--- Exercise inputs Enclosed Below ---
lemma span_has_basis_of_units:
  assumes "lines_meet_units" "finite A" "u \<in> A" "u \<in> units"
  shows "\<exists>B. B \<subseteq> units \<and> independent B \<and> span B = span A"
proof -
  have "u \<noteq> 0"
    using assms(4) by (auto simp: units_def)
  then obtain B where B: "u \<in> B" "B \<subseteq> A" "independent B" "A \<subseteq> span B"
    using maximal_independent_subset_extend[of "{u}" A] assms(3) by (auto simp: independent_insert)
  have "\<forall>v. \<exists>t. t \<noteq> 0 \<and> u + s t v \<in> units"
    using lines_through_unit_meet_units[OF assms(1,4)] by metis
  then obtain T where T: "\<And>v. T v \<noteq> 0" "\<And>v. u + s (T v) v \<in> units"
    by metis
  define B' where "B' = (\<lambda>v. if v = u then u else u + s (T v) v) ` B"
  have "B' \<subseteq> units"
    using T(2) assms(4) by (auto simp: B'_def)
  moreover have "B' \<subseteq> span B"
    using B(1) by (auto simp: B'_def intro: span_add span_scale span_base)
  moreover have "B \<subseteq> span B'"
  proof
    fix v assume "v \<in> B"
    then have "u \<in> span B'" "u + s (T v) v \<in> span B' \<or> v = u"
      using B(1) by (auto simp: B'_def intro!: span_base)
    moreover have "v = s (inverse (T v)) ((u + s (T v) v) - u)"
      using T(1)[of v] by (simp add: scale_right_diff_distrib)
    ultimately show "v \<in> span B'"
      by (metis span_diff span_scale)
  qed
  ultimately have "span B' = span B"
    by (simp add: span_eq)
  also have "span B = span A"
    unfolding span_eq using B(2,4) span_superset by blast
  finally have "span B' = span A" .
  moreover have "finite B"
    using B(2) assms(2) finite_subset by blast
  then have "finite B'" "card B' \<le> card B"
    unfolding B'_def by (simp, rule card_image_le)
  ultimately show ?thesis
    using \<open>B' \<subseteq> units\<close> independent_if_span_eq_card_le[OF B(3)] \<open>span B' = span B\<close> by blast
qed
--- End of Enclosed Exercise inputs ---
Given the records above, restate word for word only the lines starting at the one with "fix v assume" and ending at the one with "using B(2) assms(2)".

    fix v assume "v \<in> B"
    then have "u \<in> span B'" "u + s (T v) v \<in> span B' \<or> v = u"
      using B(1) by (auto simp: B'_def intro!: span_base)
    moreover have "v = s (inverse (T v)) ((u + s (T v) v) - u)"
      using T(1)[of v] by (simp add: scale_right_diff_distrib)
    ultimately show "v \<in> span B'"
      by (metis span_diff span_scale)
  qed
  ultimately have "span B' = span B"
    by (simp add: span_eq)
  also have "span B = span A"
    unfolding span_eq using B(2,4) span_superset by blast
  finally have "span B' = span A" .
  moreover have "finite B"
    using B(2) assms(2) finite_subset by blast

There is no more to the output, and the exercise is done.